- What the exercise asks
The answer must consist of every line below that holds the word "scheme".

- Dataset items
(* Let $G$ be a finite simple unmixed graph and suppose the graph $\mathcal{G}=\mathcal{G}_{I_c(G)}$ is a tree. Then $I_c(G)$ is linearly presented if and only if for every path $\{C_1,\ldots,C_n\}$ of $\mathcal{G}$ one has $\alpha_0(G)\ge n-1$ and $\left|\bigcap_{j=1}^n C_j\right|=\alpha_0(G)-(n-1)$.
   Context: $G$ has vertices $t_1,\ldots,t_s$; $S=K[t_1,\ldots,t_s]$, $K$ a field. $G$ is unmixed if all minimal vertex covers (inclusion-minimal vertex sets meeting every edge) have the same size $\alpha_0(G)$. $I_c(G)$ is generated by $\prod_{t_i\in C}t_i$ over minimal vertex covers $C$. The graph $\mathcal{G}$ has the minimal vertex covers as vertices, with $\{C_i,C_j\}$ ($i\ne j$) an edge iff $|C_i\cup C_j|=|C_i|+1$. A path $\{C_1,\ldots,C_n\}$ is a sequence of distinct vertices with $\{C_i,C_{i+1}\}$ an edge for all $i$. A monomial ideal minimally generated by $u_1,\dots,u_r$ is linearly presented if all $u_i$ have the same degree and the kernel of $S^r\to S$, $e_i\mapsto u_i$, is generated by vectors with linear-form entries. *)

theory Defs
  imports Main "HOL-Library.Poly_Mapping"
begin

type_synonym ('a, 'k) mpoly = "('a \<Rightarrow>\<^sub>0 nat) \<Rightarrow>\<^sub>0 'k"

definition Var :: "'a \<Rightarrow> ('a, 'k::comm_ring_1) mpoly" where
  "Var x = Poly_Mapping.single (Poly_Mapping.single x 1) 1"

definition mdeg :: "('a \<Rightarrow>\<^sub>0 nat) \<Rightarrow> nat" where
  "mdeg m = (\<Sum>x\<in>Poly_Mapping.keys m. Poly_Mapping.lookup m x)"

definition homogeneous_of_degree :: "nat \<Rightarrow> ('a, 'k::zero) mpoly \<Rightarrow> bool" where
  "homogeneous_of_degree d p \<longleftrightarrow> (\<forall>m\<in>Poly_Mapping.keys p. mdeg m = d)"

definition linear_form :: "('a, 'k::zero) mpoly \<Rightarrow> bool" where
  "linear_form p \<longleftrightarrow> homogeneous_of_degree 1 p"
(* In the atomic model under the Shapley scheme with exactly one large player of stake $a$ and all other players of stake $1$, if the total number of players satisfies $n\ge (2h-1)^2+h$, then the Price of Stability is at most $2$.
   Context: Atomic model with threshold $h$: $n$ players, one of stake $a$ and $n-1$ of stake $1$, where $h,a$ are integers with $2\le a\le h-1$. Each player opens her own pool or joins one; pools partition the players; a pool $S$ has reward $\rho(S)=1$ if its total stake is at least $h$ (winning) and $0$ otherwise. Shapley scheme: player $i$ in pool $S$ receives $\phi_i(S)=\sum_{T\subseteq S\setminus\{i\}}\frac{|T|!(|S|-|T|-1)!}{|S|!}(\rho(T\cup\{i\})-\rho(T))$. A partition into winning pools is a Nash equilibrium if no player can strictly increase her payment by moving to another pool of the partition or opening a new pool alone. $OPT(G)$ is the maximum number of pools of stake at least $h$ in a partition of the players; $W(\Pi)$ is the number of winning pools of $\Pi$; the Price of Stability is $\min_\Pi OPT(G)/W(\Pi)$ over Nash equilibrium partitions. *)

theory Defs
  imports Complex_Main "HOL-Library.Disjoint_Sets"
begin

definition players :: "nat \<Rightarrow> nat set" where
  "players n = {0..<n}"

definition stake :: "nat \<Rightarrow> nat \<Rightarrow> nat" where
  "stake a i = (if i = 0 then a else 1)"

definition pool_stake :: "nat \<Rightarrow> nat set \<Rightarrow> nat" where
  "pool_stake a S = (\<Sum>i\<in>S. stake a i)"

definition rho :: "nat \<Rightarrow> nat \<Rightarrow> nat set \<Rightarrow> real" where
  "rho h a S = (if pool_stake a S \<ge> h then 1 else 0)"

definition winning :: "nat \<Rightarrow> nat \<Rightarrow> nat set \<Rightarrow> bool" where
  "winning h a S \<longleftrightarrow> pool_stake a S \<ge> h"

definition shapley :: "nat \<Rightarrow> nat \<Rightarrow> nat \<Rightarrow> nat set \<Rightarrow> real" where
  "shapley h a i S =
     (\<Sum>T\<in>Pow (S - {i}).
        (fact (card T) * fact (card S - card T - 1) / fact (card S))
        * (rho h a (insert i T) - rho h a T))"

definition is_NE :: "nat \<Rightarrow> nat \<Rightarrow> nat \<Rightarrow> nat set set \<Rightarrow> bool" where
  "is_NE n h a P \<longleftrightarrow>
     partition_on (players n) P \<and>
     (\<forall>S\<in>P. winning h a S) \<and>
     (\<forall>S\<in>P. \<forall>i\<in>S.
        (\<forall>S'\<in>P. S' \<noteq> S \<longrightarrow> shapley h a i (insert i S') \<le> shapley h a i S) \<and>
        shapley h a i {i} \<le> shapley h a i S)"

definition W :: "nat \<Rightarrow> nat \<Rightarrow> nat set set \<Rightarrow> nat" where
  "W h a P = card {S\<in>P. winning h a S}"

definition OPT :: "nat \<Rightarrow> nat \<Rightarrow> nat \<Rightarrow> nat" where
  "OPT n h a = Max {W h a P | P. partition_on (players n) P}"

definition PoS :: "nat \<Rightarrow> nat \<Rightarrow> nat \<Rightarrow> real" where
  "PoS n h a = Min {real (OPT n h a) / real (W h a P) | P. is_NE n h a P}"

end

theory Submission
  imports Defs
begin
lemma Sn_0_eq_ZN:
  assumes "N \<le> M"
  shows "Sn g 0 N M u v w = (\<Prod>i=1..N. \<Prod>j=N+1..M. sh (v i - w j)) * ZN g N v w"
proof -
  let ?ws1 = "map w [1..<N+1]" and ?ws2 = "map w [N+1..<M+1]"
  have "[1..<M+1] = [1..<N+1] @ [N+1..<M+1]"
    using assms upt_add_eq_append[of 1 "N + 1" "M - N"] by simp
  then have ws: "map w [1..<M+1] = ?ws1 @ ?ws2" by simp
  have "Sn g 0 N M u v w = foldr (apply_op M) (map (\<lambda>x. Bop g x (?ws1 @ ?ws2)) (map v [1..<N+1]))
       (up_state M) (replicate N True @ replicate (M - N) False)"
    unfolding Sn_def Let_def ws by (simp add: o_def down_conf_def del: upt_Suc)
  also have "\<dots> = (\<Prod>x\<leftarrow>map v [1..<N+1]. \<Prod>w\<leftarrow>?ws2. sh (x - w))
      * foldr (apply_op N) (map (\<lambda>x. Bop g x ?ws1) (map v [1..<N+1])) (up_state N) (replicate N True)"
    using foldr_Bop_append_all_up[of ?ws1 N ?ws2 "M - N" "replicate N True" g "map v [1..<N+1]"] assms
    by (simp del: upt_Suc)
  also have "foldr (apply_op N) (map (\<lambda>x. Bop g x ?ws1) (map v [1..<N+1])) (up_state N) (replicate N True)
      = ZN g N v w"
    unfolding ZN_def Sn_def Let_def by (simp add: down_conf_def o_def del: upt_Suc)
  also have "(\<Prod>x\<leftarrow>map v [1..<N+1]. \<Prod>w\<leftarrow>?ws2. sh (x - w)) = (\<Prod>i=1..N. \<Prod>j=N+1..M. sh (v i - w j))"
    by (simp add: o_def prod_list_map_upt_Suc del: upt_Suc)
  finally show ?thesis .
qed

section \<open>The R-matrix on two adjacent sites\<close>

text \<open>\<open>R_sites g j x\<close> is \<open>R(x)\<close> acting on the sites \<open>j, j + 1\<close> (counted from 0), in the
  convention \<open>P R\<close> with \<open>P\<close> the flip of the two sites.\<close>
fun R_sites :: "complex \<Rightarrow> nat \<Rightarrow> complex \<Rightarrow> bool list \<Rightarrow> bool list \<Rightarrow> complex" where
  "R_sites g 0 x (x1 # x2 # xs) (y1 # y2 # ys) = (if xs = ys then Rent g x x2 x1 y1 y2 else 0)"
| "R_sites g (Suc j) x (a # xs) (b # ys) = (if a = b then R_sites g j x xs ys else 0)"
| "R_sites g _ _ _ _ = 0"

lemma R_sites_eq_0_if_length_neq: "length xs \<noteq> length ys \<Longrightarrow> R_sites g j x xs ys = 0"
  by (induction g j x xs ys rule: R_sites.induct) auto

lemma R_sites_all_up_row:
  assumes "Suc j < length d" "\<not> d ! j" "\<not> d ! Suc j"
  shows "R_sites g j x d ys = (if ys = d then sh (x + g) else 0)"
  using assms
proof (induction j arbitrary: d ys)
  case 0
  then obtain d' where "d = False # False # d'" by (cases d; cases "tl d") auto
  then show ?case by (cases ys rule: remdups_adj.cases) (auto simp: Rent_def)
next
  case (Suc j)
  then obtain a d' where "d = a # d'" by (cases d) auto
  with Suc show ?case by (cases ys) auto
qed

lemma R_sites_all_up_column:
  assumes "Suc j < length d" "\<not> d ! j" "\<not> d ! Suc j"
  shows "R_sites g j x xs d = (if xs = d then sh (x + g) else 0)"
  using assms
proof (induction j arbitrary: d xs)
  case 0
  then obtain d' where "d = False # False # d'" by (cases d; cases "tl d") auto
  then show ?case by (cases xs rule: remdups_adj.cases) (auto simp: Rent_def)
next
  case (Suc j)
  then obtain a d' where "d = a # d'" by (cases d) auto
  with Suc show ?case by (cases xs) auto
qed

text \<open>The Yang-Baxter equation, with the auxiliary space carrying the monodromy and
  \<open>R(p - q)\<close> acting on two quantum sites.\<close>
lemma RLL_relation_sites:
  "(\<Sum>y1\<in>UNIV. \<Sum>y2\<in>UNIV. Rent g (p - q) x2 x1 y1 y2 * mono g u [q, p] a b [y1, y2] [z1, z2])
   = (\<Sum>y1\<in>UNIV. \<Sum>y2\<in>UNIV. mono g u [p, q] a b [x1, x2] [y1, y2] * Rent g (p - q) y2 y1 z1 z2)"
  by (cases a; cases b; cases x1; cases x2; cases z1; cases z2)
    (simp_all add: Rent_def UNIV_bool sh_exp exp_diff exp_add field_simps)

lemma R_sites_mono_intertwine_0:
  assumes "length rest = m"
  shows "op_mult (Suc (Suc m)) (R_sites g 0 (p - q)) (mono g u (q # p # rest) a b) xs zs
       = op_mult (Suc (Suc m)) (mono g u (p # q # rest) a b) (R_sites g 0 (p - q)) xs zs"
proof (cases "length xs = Suc (Suc m) \<and> length zs = Suc (Suc m)")
  case False
  then show ?thesis
    using assms by (auto simp: op_mult_def R_sites_eq_0_if_length_neq mono_eq_0_if_length_neq)
next
  case True
  then obtain x1 x2 xs' z1 z2 zs' where xs: "xs = x1 # x2 # xs'" "length xs' = m"
    and zs: "zs = z1 # z2 # zs'" "length zs' = m"
    by (auto simp: length_Suc_conv)
  have two_sites: "mono g u (p' # q' # rest) a b (y1 # y2 # ys) (y1' # y2' # ys')
      = (\<Sum>c\<in>UNIV. mono g u [p', q'] a c [y1, y2] [y1', y2'] * mono g u rest c b ys ys')"
    for p' q' y1 y2 ys y1' y2' ys'
    using mono_append[of "[y1, y2]" "[p', q']" "[y1', y2']" g u rest a b ys ys'] by simp
  let ?R = "Rent g (p - q)"
  have "op_mult (Suc (Suc m)) (R_sites g 0 (p - q)) (mono g u (q # p # rest) a b) xs zs
      = (\<Sum>y1\<in>UNIV. \<Sum>y2\<in>UNIV. ?R x2 x1 y1 y2 * mono g u (q # p # rest) a b (y1 # y2 # xs') zs)"
    unfolding op_mult_def sum_configs_Suc using xs finite_configs
    by (simp add: if_distrib[of "\<lambda>z. z * _"] mult.assoc cong: if_cong)
  also have "\<dots> = (\<Sum>c\<in>UNIV. (\<Sum>y1\<in>UNIV. \<Sum>y2\<in>UNIV. ?R x2 x1 y1 y2 * mono g u [q, p] a c [y1, y2] [z1, z2])
      * mono g u rest c b xs' zs')"
    unfolding zs two_sites by (simp add: UNIV_bool algebra_simps)
  also have "\<dots> = (\<Sum>c\<in>UNIV. (\<Sum>y1\<in>UNIV. \<Sum>y2\<in>UNIV. mono g u [p, q] a c [x1, x2] [y1, y2] * ?R y2 y1 z1 z2)
      * mono g u rest c b xs' zs')"
    by (simp only: RLL_relation_sites)
  also have "\<dots> = (\<Sum>y1\<in>UNIV. \<Sum>y2\<in>UNIV. mono g u (p # q # rest) a b xs (y1 # y2 # zs') * ?R y2 y1 z1 z2)"
    unfolding xs two_sites by (simp add: UNIV_bool algebra_simps)
  also have "\<dots> = op_mult (Suc (Suc m)) (mono g u (p # q # rest) a b) (R_sites g 0 (p - q)) xs zs"
    unfolding op_mult_def sum_configs_Suc using zs finite_configs
    by (simp add: if_distrib[of "\<lambda>z. _ * z"] cong: if_cong)
  finally show ?thesis .
qed

lemma R_sites_mono_intertwine:
  assumes "Suc j < length ws" "length ws = M"
  shows "op_mult M (R_sites g j (ws ! j - ws ! Suc j)) (mono g u (ws[j := ws ! Suc j, Suc j := ws ! j]) a b) xs zs
       = op_mult M (mono g u ws a b) (R_sites g j (ws ! j - ws ! Suc j)) xs zs"
  using assms
proof (induction j arbitrary: ws M a xs zs)
  case 0
  then obtain p q rest where "ws = p # q # rest" by (cases ws rule: remdups_adj.cases) auto
  with 0 show ?case using R_sites_mono_intertwine_0[of rest "M - 2"] by auto
next
  case (Suc j)
  then obtain w ws' where ws: "ws = w # ws'" by (cases ws) auto
  with Suc.prems obtain m where M: "M = Suc m" "length ws' = m" "Suc j < length ws'" by auto
  let ?R = "R_sites g j (ws' ! j - ws' ! Suc j)"
  let ?ws'' = "ws'[j := ws' ! Suc j, Suc j := ws' ! j]"
  show ?case
  proof (cases xs; cases zs)
    fix x xs' z zs' assume xs: "xs = x # xs'" and zs: "zs = z # zs'"
    have "op_mult M (R_sites g (Suc j) (ws' ! j - ws' ! Suc j)) (mono g u (w # ?ws'') a b) xs zs
       = (\<Sum>c\<in>UNIV. Rent g (u - w) a x c z * op_mult m ?R (mono g u ?ws'' c b) xs' zs')"
      unfolding op_mult_def M xs zs sum_configs_Suc
      by (cases x) (simp_all add: UNIV_bool sum_distrib_left sum.distrib[symmetric] algebra_simps)
    also have "\<dots> = (\<Sum>c\<in>UNIV. Rent g (u - w) a x c z * op_mult m (mono g u ws' c b) ?R xs' zs')"
      using Suc.IH[OF M(3,2)] by simp
    also have "\<dots> = op_mult M (mono g u (w # ws') a b) (R_sites g (Suc j) (ws' ! j - ws' ! Suc j)) xs zs"
      unfolding op_mult_def M xs zs sum_configs_Suc
      by (cases z) (simp_all add: UNIV_bool sum_distrib_left sum_distrib_right sum.distrib[symmetric] algebra_simps)
    finally show ?thesis by (simp add: ws)
  qed (auto simp: op_mult_def ws)
qed

section \<open>Symmetry in the inhomogeneities of the up sites\<close>

lemma map_upt_comp_transpose:
  assumes "1 \<le> k" "k < M"
  shows "map (w \<circ> Transposition.transpose k (Suc k)) [1..<M+1]
       = (map w [1..<M+1])[k - 1 := w (Suc k), k := w k]"
  using assms
  by (intro nth_equalityI) (auto simp: nth_list_update Transposition.transpose_def nth_map_upt_Suc simp del: upt_Suc)

text \<open>The R-matrix on the sites \<open>k, k + 1\<close> intertwines the monodromy matrices with
  \<open>w\<^sub>k, w\<^bsub>k+1\<^esub>\<close> exchanged, and acts as the scalar \<open>[w\<^sub>k - w\<^bsub>k+1\<^esub> + \<gamma>]\<close> both on the bra,
  where these sites are up since \<open>k > N - n\<close>, and on \<open>|\<Up>\<^sub>M\<rangle>\<close>.\<close>
lemma Sn_transpose_mult:
  assumes "N - n < k" "k < M"
  shows "sh (w k - w (Suc k) + g) * Sn g n N M u v (w \<circ> Transposition.transpose k (Suc k))
       = sh (w k - w (Suc k) + g) * Sn g n N M u v w"
proof -
  let ?ws = "map w [1..<M+1]" and ?j = "k - 1"
  let ?x = "?ws ! ?j - ?ws ! Suc ?j"
  let ?R = "R_sites g ?j ?x"
  let ?ws' = "?ws[?j := ?ws ! Suc ?j, Suc ?j := ?ws ! ?j]"
  let ?ops = "\<lambda>ws. map (\<lambda>i. Cop g (u i) ws) [1..<n+1] @ map (\<lambda>j. Bop g (v j) ws) [1..<N+1]"
  let ?d = "down_conf (N - n) M"
  have k: "Suc ?j = k" and x: "?x = w k - w (Suc k)"
    using assms by (simp_all add: nth_map_upt_Suc del: upt_Suc)
  have swapped: "map (w \<circ> Transposition.transpose k (Suc k)) [1..<M+1] = ?ws'"
    using assms map_upt_comp_transpose[of k M w] by (simp add: k nth_map_upt_Suc del: upt_Suc)
  have "list_all2 (\<lambda>A A'. op_mult M ?R A' = op_mult M A ?R) (?ops ?ws) (?ops ?ws')"
    using assms R_sites_mono_intertwine[of ?j ?ws M g]
    unfolding Cop_def Bop_def by (intro list_all2_appendI list_all2_all_nthI) (auto simp: fun_eq_iff)
  then have intertwine: "apply_op M ?R (foldr (apply_op M) (?ops ?ws') (up_state M))
      = foldr (apply_op M) (?ops ?ws) (apply_op M ?R (up_state M))"
    by (rule foldr_apply_op_intertwine)
  have ket: "apply_op M ?R (up_state M) = (\<lambda>xs. sh (?x + g) * up_state M xs)"
  proof
    fix xs
    have "apply_op M ?R (up_state M) xs = ?R xs (replicate M False)"
      unfolding apply_op_def up_state_def using finite_configs
      by (simp add: if_distrib[of "\<lambda>z. _ * z"] cong: if_cong)
    also have "\<dots> = sh (?x + g) * up_state M xs"
      using assms by (simp add: R_sites_all_up_column up_state_def)
    finally show "apply_op M ?R (up_state M) xs = sh (?x + g) * up_state M xs" .
  qed
  have bra: "apply_op M ?R V ?d = sh (?x + g) * V ?d" for V
    using assms by (intro apply_op_delta R_sites_all_up_row) (auto simp: down_conf_def nth_append)
  have "sh (?x + g) * Sn g n N M u v (w \<circ> Transposition.transpose k (Suc k))
      = apply_op M ?R (foldr (apply_op M) (?ops ?ws') (up_state M)) ?d"
    unfolding bra Sn_def Let_def swapped by simp
  also have "\<dots> = sh (?x + g) * Sn g n N M u v w"
    unfolding intertwine ket foldr_apply_op_scale Sn_def Let_def by simp
  finally show ?thesis unfolding x .
qed

lemma continuous_on_Sn:
  assumes "\<And>i. continuous_on UNIV (\<lambda>t. W t i)"
  shows "continuous_on UNIV (\<lambda>t. Sn g n N M u v (W t))"
proof -
  let ?Fs = "map (\<lambda>i t. W t i) [1..<M+1]"
  let ?Xs = "map (\<lambda>i t. Cop g (u i) (map (\<lambda>F. F t) ?Fs)) [1..<n+1]
    @ map (\<lambda>j t. Bop g (v j) (map (\<lambda>F. F t) ?Fs)) [1..<N+1]"
  have Sn_eq: "Sn g n N M u v (W t) = foldr (apply_op M) (map (\<lambda>X. X t) ?Xs) (up_state M) (down_conf (N - n) M)" for t
    unfolding Sn_def Let_def by (simp add: o_def del: upt_Suc)
  have "continuous_on UNIV (\<lambda>t. mono g c (map (\<lambda>F. F t) ?Fs) a b xs ys)" for c a b xs ys
    using continuous_on_mono[of "\<lambda>t. c" ?Fs] assms by (auto simp del: upt_Suc)
  then show ?thesis
    unfolding Sn_eq by (intro continuous_on_foldr_apply_op) (auto simp: Cop_def Bop_def simp del: upt_Suc)
qed

lemma Sn_transpose_Suc:
  assumes "N - n < k" "k < M"
  shows "Sn g n N M u v (w \<circ> Transposition.transpose k (Suc k)) = Sn g n N M u v w"
proof -
  let ?f = "\<lambda>t. Sn g n N M u v (w(k := t) \<circ> Transposition.transpose k (Suc k)) - Sn g n N M u v (w(k := t))"
  have "continuous_on UNIV (\<lambda>t. (w(k := t)) i)" for i
    by (cases "i = k") (simp_all add: continuous_on_id)
  then have "continuous_on UNIV ?f"
    by (intro continuous_intros continuous_on_Sn) (simp add: o_def)
  moreover have "sh (t + (g - w (Suc k))) * ?f t = 0" for t
    using Sn_transpose_mult[OF assms, where w = "w(k := t)"] by (simp add: algebra_simps)
  ultimately have "?f (w k) = 0"
    by (rule sh_mult_cancel_continuous)
  then show ?thesis by simp
qed

lemma transpose_Suc_conj:
  "a < b \<Longrightarrow> Transposition.transpose a (Suc b) =
     Transposition.transpose b (Suc b) \<circ> Transposition.transpose a b \<circ> Transposition.transpose b (Suc b)"
  by (auto simp: fun_eq_iff Transposition.transpose_def)

lemma Sn_transpose_less:
  assumes "N - n < a" "a < b" "b \<le> M"
  shows "Sn g n N M u v (w \<circ> Transposition.transpose a b) = Sn g n N M u v w"
  using assms(2,3)
proof (induction b arbitrary: w)
  case (Suc b)
  let ?\<tau> = "Transposition.transpose b (Suc b)"
  have adjacent: "Sn g n N M u v (w' \<circ> ?\<tau>) = Sn g n N M u v w'" for w'
    using assms(1) Suc.prems by (intro Sn_transpose_Suc) auto
  show ?case
  proof (cases "a = b")
    case True
    then show ?thesis using adjacent[of w] by (simp only:)
  next
    case False
    with Suc.prems have "a < b" by simp
    then have "Sn g n N M u v (w \<circ> Transposition.transpose a (Suc b))
        = Sn g n N M u v ((w \<circ> ?\<tau>) \<circ> Transposition.transpose a b \<circ> ?\<tau>)"
      by (simp add: transpose_Suc_conj o_assoc)
    also have "\<dots> = Sn g n N M u v ((w \<circ> ?\<tau>) \<circ> Transposition.transpose a b)"
      by (rule adjacent)
    also have "\<dots> = Sn g n N M u v (w \<circ> ?\<tau>)"
      using Suc.IH[of "w \<circ> ?\<tau>"] \<open>a < b\<close> Suc.prems by (simp only: Suc_leD)
    also have "\<dots> = Sn g n N M u v w"
      by (rule adjacent)
    finally show ?thesis .
  qed
qed simp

- Solution for this problem
(* In the atomic model under the Shapley scheme with exactly one large player of stake $a$ and all other players of stake $1$, if the total number of players satisfies $n\ge (2h-1)^2+h$, then the Price of Stability is at most $2$.
   Context: Atomic model with threshold $h$: $n$ players, one of stake $a$ and $n-1$ of stake $1$, where $h,a$ are integers with $2\le a\le h-1$. Each player opens her own pool or joins one; pools partition the players; a pool $S$ has reward $\rho(S)=1$ if its total stake is at least $h$ (winning) and $0$ otherwise. Shapley scheme: player $i$ in pool $S$ receives $\phi_i(S)=\sum_{T\subseteq S\setminus\{i\}}\frac{|T|!(|S|-|T|-1)!}{|S|!}(\rho(T\cup\{i\})-\rho(T))$. A partition into winning pools is a Nash equilibrium if no player can strictly increase her payment by moving to another pool of the partition or opening a new pool alone. $OPT(G)$ is the maximum number of pools of stake at least $h$ in a partition of the players; $W(\Pi)$ is the number of winning pools of $\Pi$; the Price of Stability is $\min_\Pi OPT(G)/W(\Pi)$ over Nash equilibrium partitions. *)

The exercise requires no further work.